Государство сделало еще один существенный шаг в ограничении насилия. Прямую борьбу с насилием оно дополнило упреждающим воздействием на обстоятельства, способные породить его. В государстве насилие по большей части заменяется угрозой насилия. Современный немецкий исследователь Р. Шпееман в работе "Мораль и насилие" выделяет три типа воздействия человека на человека: а) собственно насилие; б) речь; в) общественная власть. Насилие есть физическое воздействие. Речь есть воздействие на мотивацию. Общественная власть представляет собой воздействие на обстоятельства жизни, которые мотивируют поведение. Это - своего рода принуждение к мотивам. Так действует государство, когда, например, оно поощряет или затрудняет рождаемость в обществе через политику налогов. По отношению к общественной власти насилие и речь выступают как периферийные способы воздействия человека на человека.
Предметом спора был и остается вопрос, как квалифицировать этот третий способ воздействия, который в опыте современных обществ является основным. Аристотель выделял его в особый разряд. Наряду с подневольными действиями, осуществляемыми под прямым физическим воздействием, и произвольными действиями, в которых человек реализует свои желания, он выделял особый класс смешанных действий, которые человек совершает сам, по своей воле, но под жестким давлением обстоятельств, когда их альтернативой является нечто худшее, чем сами эти действия, в предельном случае - смерть. Таково, например, поведение человека, совершающего нечто постыдное по требованию тирана, чтобы спасти своих близких. Гоббс считал, что такие действия следует считать добровольными, свободными, поскольку у человека остается выбор, хотя он и крайне зауженный. Страх смерти нельзя отождествлять с самой смертью. Многие современные теоретики ненасилия, напротив, придерживаются взгляда, согласно которому такие действия следует сводить к подневольным. По их мнению, угроза насилием сама является насилием.
Отношение к практикуемому государством насилию будет различным в зависимости от того, рассматриваем ли мы его в статике, как итоговое состояние и постоянное условие человеческого существования, или в исторической динамике. В первом случае следует признать, что каким бы легитимным, институционально оформленным и латентным государственное насилие ни было, оно остается насилием - и в этом смысле прямо противоположно морали. Более того, все отмеченные особенности могут быть интерпретированы как факторы, которые придают насилию размах и изощренность. Монополия на насилие может вести к его избыточности. Институциональность насилия придает ему анонимность и притупляет его восприятие. Косвенный, латентный характер насилия (манипулирование сознанием, скрытая эксплуатация и т.п.) расширяет сферу его применения.
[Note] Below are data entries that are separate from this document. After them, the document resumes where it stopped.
text \<open>A root \<open>t \<le> 0\<close> of \<open>h\<^sub>a\<^sub>,\<^sub>e\<close> for \<open>a = e + s\<delta>\<close> rescales, by homogeneity, to a zero of \<open>h\<close>
  at \<open>e + (s / (1 - t)) \<delta>\<close>.\<close>
lemma hcone_interior_near_direction:
  assumes "homogeneous h" and "hyperbolic h e"
  obtains \<epsilon> where "\<epsilon> > 0" and "\<And>s. \<bar>s\<bar> \<le> \<epsilon> \<Longrightarrow> (\<lambda>i. e i + s * \<delta> i) \<in> hcone_interior h e"
proof -
  obtain d where hom: "\<And>c x. mpoly_eval h (\<lambda>i. c * x i) = c ^ d * mpoly_eval h x"
    using homogeneous_scale[OF assms(1)] by blast
  obtain \<epsilon> where \<epsilon>: "\<epsilon> > 0" and nz: "\<And>r. \<bar>r\<bar> < \<epsilon> \<Longrightarrow> mpoly_eval h (\<lambda>i. e i + r * \<delta> i) \<noteq> 0"
    using mpoly_eval_nonzero_near assms(2) unfolding hyperbolic_def by blast
  have "(\<lambda>i. e i + s * \<delta> i) \<in> hcone_interior h e" if s: "\<bar>s\<bar> \<le> \<epsilon> / 2" for s
    unfolding hcone_interior_def
  proof (intro CollectI allI impI)
    fix z assume z: "poly (map_poly complex_of_real (hline h (\<lambda>i. e i + s * \<delta> i) e)) z = 0"
    with assms(2) obtain t where zt: "z = complex_of_real t"
      unfolding hyperbolic_def by (metis Reals_cases)
    with z have t: "poly (hline h (\<lambda>i. e i + s * \<delta> i) e) t = 0"
      by (simp add: poly_map_poly_of_real)
    have "t > 0"
    proof (rule ccontr)
      assume "\<not> t > 0"
      then have c: "1 - t \<ge> 1" by simp
      have "(\<lambda>i. e i + s * \<delta> i - t * e i) = (\<lambda>i. (1 - t) * (e i + (s / (1 - t)) * \<delta> i))"
        using c by (auto simp: field_simps)
      with t c have "mpoly_eval h (\<lambda>i. e i + (s / (1 - t)) * \<delta> i) = 0"
        by (simp add: poly_hline hom)
      moreover have "\<bar>s / (1 - t)\<bar> \<le> \<bar>s\<bar>"
        using c by (simp add: divide_le_eq mult_le_cancel_left1)
      then have "\<bar>s / (1 - t)\<bar> < \<epsilon>" using s \<epsilon> by linarith
      ultimately show False using nz by blast
    qed
    then show "z \<in> \<real> \<and> 0 < Re z" using zt by simp
  qed
  then show ?thesis using \<epsilon> by (intro that[of "\<epsilon> / 2"]) simp_all
qed

section \<open>Sums of hermitian squares modulo an ideal\<close>

lemma nc_ideal_scale: "p \<in> nc_ideal G \<Longrightarrow> nc_scale c p \<in> nc_ideal G"
  using nc_ideal.lmult[of "nc_scale c nc_one" p G] by (simp add: nc_mult_scale_left)

lemma sos_mod_cong:
  assumes "sos_mod (nc_ideal G) x" and "x' - x \<in> nc_ideal G"
  shows "sos_mod (nc_ideal G) x'"
proof -
  obtain qs where qs: "\<forall>q\<in>set qs. fsupp q"
    and x: "x - sum_list (map (\<lambda>q. nc_mult (nc_star q) q) qs) \<in> nc_ideal G"
    using assms(1) unfolding sos_mod_def by blast
  have "x' - sum_list (map (\<lambda>q. nc_mult (nc_star q) q) qs)
      = (x' - x) + (x - sum_list (map (\<lambda>q. nc_mult (nc_star q) q) qs))"
    by simp
  also have "\<dots> \<in> nc_ideal G" using assms(2) x by (rule nc_ideal.add)
  finally show ?thesis unfolding sos_mod_def using qs by blast
qed

lemma sos_mod_zero: "sos_mod (nc_ideal G) 0"
  unfolding sos_mod_def by (intro exI[of _ "[]"]) (simp add: nc_ideal.zero)

lemma sos_mod_add:
  assumes "sos_mod (nc_ideal G) x" and "sos_mod (nc_ideal G) y"
  shows "sos_mod (nc_ideal G) (x + y)"
proof -
  obtain qs where qs: "\<forall>q\<in>set qs. fsupp q"
    and x: "x - sum_list (map (\<lambda>q. nc_mult (nc_star q) q) qs) \<in> nc_ideal G"
    using assms(1) unfolding sos_mod_def by blast
  obtain rs where rs: "\<forall>q\<in>set rs. fsupp q"
    and y: "y - sum_list (map (\<lambda>q. nc_mult (nc_star q) q) rs) \<in> nc_ideal G"
    using assms(2) unfolding sos_mod_def by blast
  have "x + y - sum_list (map (\<lambda>q. nc_mult (nc_star q) q) (qs @ rs)) =
     (x - sum_list (map (\<lambda>q. nc_mult (nc_star q) q) qs)) + (y - sum_list (map (\<lambda>q. nc_mult (nc_star q) q) rs))"
    by (simp only: map_append sum_list_append add_diff_add)
  also have "\<dots> \<in> nc_ideal G" using x y by (rule nc_ideal.add)
  finally show ?thesis unfolding sos_mod_def using qs rs by (intro exI[of _ "qs @ rs"]) auto
qed

lemma sos_mod_square: "fsupp q \<Longrightarrow> sos_mod (nc_ideal G) (nc_mult (nc_star q) q)"
  unfolding sos_mod_def by (intro exI[of _ "[q]"]) (simp add: nc_ideal.zero)

lemma sos_mod_scale:
  assumes "sos_mod (nc_ideal G) x" and "r \<ge> 0"
  shows "sos_mod (nc_ideal G) (nc_scale (complex_of_real r) x)"
proof -
  obtain qs where qs: "\<forall>q\<in>set qs. fsupp q"
    and x: "x - sum_list (map (\<lambda>q. nc_mult (nc_star q) q) qs) \<in> nc_ideal G"
    using assms(1) unfolding sos_mod_def by blast
  define c where "c = complex_of_real (sqrt r)"
  have "c * cnj c = complex_of_real r"
    using assms(2) by (simp add: c_def flip: of_real_mult)
  then have sq: "nc_mult (nc_star (nc_scale c q)) (nc_scale c q) = nc_scale (complex_of_real r) (nc_mult (nc_star q) q)" for q
    by (simp only: nc_star_scale nc_mult_scale_left nc_mult_scale_right nc_scale_scale)
  have "nc_scale (complex_of_real r) x - sum_list (map (\<lambda>q. nc_mult (nc_star q) q) (map (nc_scale c) qs))
     = nc_scale (complex_of_real r) (x - sum_list (map (\<lambda>q. nc_mult (nc_star q) q) qs))"
    by (simp only: nc_scale_diff nc_scale_sum_list map_map comp_def sq)
  also have "\<dots> \<in> nc_ideal G" using x by (rule nc_ideal_scale)
  finally show ?thesis unfolding sos_mod_def using qs by (intro exI[of _ "map (nc_scale c) qs"]) auto
qed

lemma sos_mod_conj:
  assumes "sos_mod (nc_ideal G) x" and "fsupp y"
  shows "sos_mod (nc_ideal G) (nc_mult (nc_star y) (nc_mult x y))"
proof -
  obtain qs where qs: "\<forall>q\<in>set qs. fsupp q"
    and x: "x - sum_list (map (\<lambda>q. nc_mult (nc_star q) q) qs) \<in> nc_ideal G"
    using assms(1) unfolding sos_mod_def by blast
  have sq: "nc_mult (nc_star (nc_mult q y)) (nc_mult q y) = nc_mult (nc_star y) (nc_mult (nc_mult (nc_star q) q) y)" for q
    by (simp only: nc_star_mult nc_mult_assoc)
  have "nc_mult (nc_star y) (nc_mult x y) - sum_list (map (\<lambda>q. nc_mult (nc_star q) q) (map (\<lambda>q. nc_mult q y) qs))
     = nc_mult (nc_star y) (nc_mult (x - sum_list (map (\<lambda>q. nc_mult (nc_star q) q) qs)) y)"
    by (simp only: nc_mult_diff_left nc_mult_diff_right nc_mult_sum_list_left nc_mult_sum_list_right
       map_map comp_def sq)
  also have "\<dots> \<in> nc_ideal G" using x assms(2) by (intro nc_ideal.lmult nc_ideal.rmult) simp_all
  finally show ?thesis unfolding sos_mod_def using qs assms(2)
    by (intro exI[of _ "map (\<lambda>q. nc_mult q y) qs"]) auto
qed

abbreviation nc_const :: "real \<Rightarrow> 'n ncpoly" where
  "nc_const r \<equiv> nc_scale (complex_of_real r) nc_one"

lemma sos_mod_const: "r \<ge> 0 \<Longrightarrow> sos_mod (nc_ideal G) (nc_const r)"
  using sos_mod_scale[OF sos_mod_square[OF fsupp_one]] by simp

lemma invertible_mod_lin:
  assumes "mpoly_eval h a \<noteq> 0"
  shows "invertible_mod (Jideal h e) (nc_lin a)"
proof -
  define X where "X = nc_lin a"
  obtain c p where hp: "hline h a e = pCons c p" by (cases "hline h a e")
  have "c = mpoly_eval h a" using poly_hline[of h a e 0] by (simp add: hp)
  with assms have c: "c \<noteq> 0" by simp
  define y where "y = nc_scale (complex_of_real (- 1 / c)) (nc_polyeval p X)"
  have "nc_polyeval (hline h a e) X \<in> Jideal h e"
    unfolding Jideal_def X_def by (rule nc_ideal.gen) blast
  then have "nc_scale (complex_of_real (- 1 / c)) (nc_polyeval (hline h a e) X) \<in> Jideal h e"
    unfolding Jideal_def by (rule nc_ideal_scale)
  moreover have "nc_scale (complex_of_real (- 1 / c)) (nc_polyeval (hline h a e) X) = nc_mult X y - nc_one"
    unfolding y_def nc_mult_scale_right hp nc_polyeval_pCons
    using c by (simp add: fun_eq_iff nc_scale_def field_simps)
  moreover have "nc_mult y X = nc_mult X y"
    by (simp add: y_def nc_mult_scale_left nc_mult_scale_right nc_polyeval_commute)
  moreover have "fsupp y" by (simp add: y_def X_def)
  ultimately show ?thesis
    unfolding invertible_mod_def X_def[symmetric] by metis
qed

lemma sos_mod_lin_of_hcone_interior:
  assumes "a \<in> hcone_interior h e"
  shows "sos_mod (Jideal h e) (nc_lin a)"
proof -
  define X where "X = nc_lin a"
  have roots: "\<forall>z. poly (map_poly complex_of_real (hline h a e)) z = 0 \<longrightarrow> z \<in> \<real> \<and> 0 < Re z"
    using assms by (simp add: hcone_interior_def)
  then have "hline h a e \<noteq> 0" using roots[rule_format, of 0] by auto
  then obtain s r where sr: "[:0, 1:] - s * s = hline h a e * r"
    using X_square_mod_poly_with_positive_roots roots by blast
  define S where "S = nc_polyeval s X"
  have S: "nc_star S = S" "fsupp S"
    unfolding S_def X_def by (simp_all add: nc_star_polyeval nc_star_lin)
  have "X - nc_mult S S = nc_mult (nc_polyeval (hline h a e) X) (nc_polyeval r X)"
    using arg_cong[OF sr, of "\<lambda>q. nc_polyeval q X"]
    by (simp only: nc_polyeval_diff nc_polyeval_mult nc_polyeval_X S_def)
  also have "\<dots> \<in> Jideal h e"
    unfolding Jideal_def X_def by (intro nc_ideal.rmult nc_ideal.gen) auto
  finally have "X - nc_mult (nc_star S) S \<in> Jideal h e"
    unfolding S(1) .
  then show ?thesis
    unfolding Jideal_def X_def by (rule sos_mod_cong[OF sos_mod_square[OF S(2)]])
qed

section \<open>Bounded elements\<close>

definition bounded_mod :: "'n ncpoly set \<Rightarrow> 'n ncpoly \<Rightarrow> bool" where
  "bounded_mod I x \<longleftrightarrow> fsupp x \<and> (\<exists>N\<ge>0. sos_mod I (nc_const N - nc_mult (nc_star x) x))"

definition order_bounded_mod :: "'n ncpoly set \<Rightarrow> 'n ncpoly \<Rightarrow> bool" where
  "order_bounded_mod I y \<longleftrightarrow> fsupp y \<and> (\<exists>N. sos_mod I (nc_const N + y) \<and> sos_mod I (nc_const N - y))"

lemma bounded_mod_one: "bounded_mod (nc_ideal G) nc_one"
  unfolding bounded_mod_def using sos_mod_zero by (intro conjI exI[of _ 1]) simp_all

lemma bounded_mod_mult:
  assumes "bounded_mod (nc_ideal G) x" and "bounded_mod (nc_ideal G) y"
  shows "bounded_mod (nc_ideal G) (nc_mult x y)"
proof -
  obtain N where N: "N \<ge> 0" "sos_mod (nc_ideal G) (nc_const N - nc_mult (nc_star x) x)" and "fsupp x"
    using assms(1) unfolding bounded_mod_def by blast
  obtain M where M: "M \<ge> 0" "sos_mod (nc_ideal G) (nc_const M - nc_mult (nc_star y) y)" and "fsupp y"
    using assms(2) unfolding bounded_mod_def by blast
  have "sos_mod (nc_ideal G) (nc_mult (nc_star y) (nc_mult (nc_const N - nc_mult (nc_star x) x) y)
     + nc_scale (complex_of_real N) (nc_const M - nc_mult (nc_star y) y))"
    by (intro sos_mod_add sos_mod_conj sos_mod_scale N M \<open>fsupp y\<close>)
  moreover have "nc_mult (nc_star y) (nc_mult (nc_const N - nc_mult (nc_star x) x) y)
     + nc_scale (complex_of_real N) (nc_const M - nc_mult (nc_star y) y)
     = nc_const (N * M) - nc_mult (nc_star (nc_mult x y)) (nc_mult x y)"
    by (simp only: nc_star_mult nc_mult_diff_left nc_mult_diff_right nc_mult_scale_left
        nc_mult_scale_right nc_mult_one_left nc_mult_assoc) (rule ext, simp only: plus_fun_apply minus_apply nc_scale_def, simp add: algebra_simps)
  ultimately show ?thesis
    unfolding bounded_mod_def using N M \<open>fsupp x\<close> \<open>fsupp y\<close> by (intro conjI exI[of _ "N * M"]) simp_all
qed

lemma bounded_mod_scale:
  assumes "bounded_mod (nc_ideal G) x"
  shows "bounded_mod (nc_ideal G) (nc_scale c x)"
proof -
  obtain N where N: "N \<ge> 0" "sos_mod (nc_ideal G) (nc_const N - nc_mult (nc_star x) x)" and "fsupp x"
    using assms unfolding bounded_mod_def by blast
  have cc: "c * cnj c = complex_of_real ((cmod c)\<^sup>2)" by (metis complex_norm_square)
  have "sos_mod (nc_ideal G) (nc_scale (complex_of_real ((cmod c)\<^sup>2)) (nc_const N - nc_mult (nc_star x) x))"
    using N by (intro sos_mod_scale) simp_all
  moreover have "nc_scale (complex_of_real ((cmod c)\<^sup>2)) (nc_const N - nc_mult (nc_star x) x) =
     nc_const ((cmod c)\<^sup>2 * N) - nc_mult (nc_star (nc_scale c x)) (nc_scale c x)"
    by (simp only: nc_star_scale nc_mult_scale_left nc_mult_scale_right nc_scale_scale cc
       nc_scale_diff of_real_mult)
  ultimately show ?thesis
    unfolding bounded_mod_def using N \<open>fsupp x\<close> by (intro conjI exI[of _ "(cmod c)\<^sup>2 * N"]) simp_all
qed

lemma bounded_mod_of_sos_one_plus_minus:
  assumes "fsupp x" and "nc_star x = x"
    and "sos_mod (nc_ideal G) (nc_one + x)" and "sos_mod (nc_ideal G) (nc_one - x)"
  shows "bounded_mod (nc_ideal G) x"
proof -
  let ?A = "nc_one + x" and ?B = "nc_one - x"
  have "sos_mod (nc_ideal G) (nc_scale (complex_of_real (1 / 2))
     (nc_mult (nc_star ?B) (nc_mult ?A ?B) + nc_mult (nc_star ?A) (nc_mult ?B ?A)))"
    using assms(1) by (intro sos_mod_scale sos_mod_add sos_mod_conj[OF assms(3)] sos_mod_conj[OF assms(4)]) simp_all
  moreover have "nc_scale (complex_of_real (1 / 2))
     (nc_mult (nc_star ?B) (nc_mult ?A ?B) + nc_mult (nc_star ?A) (nc_mult ?B ?A))
     = nc_const 1 - nc_mult (nc_star x) x"
    by (simp only: assms(2) nc_star_add nc_star_diff nc_star_one nc_mult_add_left nc_mult_add_right
        nc_mult_diff_left nc_mult_diff_right nc_mult_one_left nc_mult_one_right)
      (rule ext, simp only: plus_fun_apply minus_apply nc_scale_def, simp add: algebra_simps)
  ultimately show ?thesis
    unfolding bounded_mod_def using assms(1) by (intro conjI exI[of _ 1]) simp_all
qed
Оценка государственного насилия может быть существенно иной, если подходить к нему исторически и учитывать, что в отношении к насилию была догосударственная стадия и возможна постгосударственная. При таком взгляде государственное насилие, как и предшествовавший ему талион, можно интерпретировать не как форму насилия, а как форму ограничения насилия, этап на пути его преодоления. Монополия на насилие сужает его источник до размеров, дающих возможность обществу осуществлять целенаправленный контроль за ним. Институционализация насилия включает его в пространство действий, легитимность которых совпадает с разумной обоснованностью и требует такого обоснования; вне этого была бы невозможна сама постановка вопроса о допустимости насилия. Косвенные, латентные формы насилия - свидетельство того, что оно в своей эффективности может быть заменено другими средствами.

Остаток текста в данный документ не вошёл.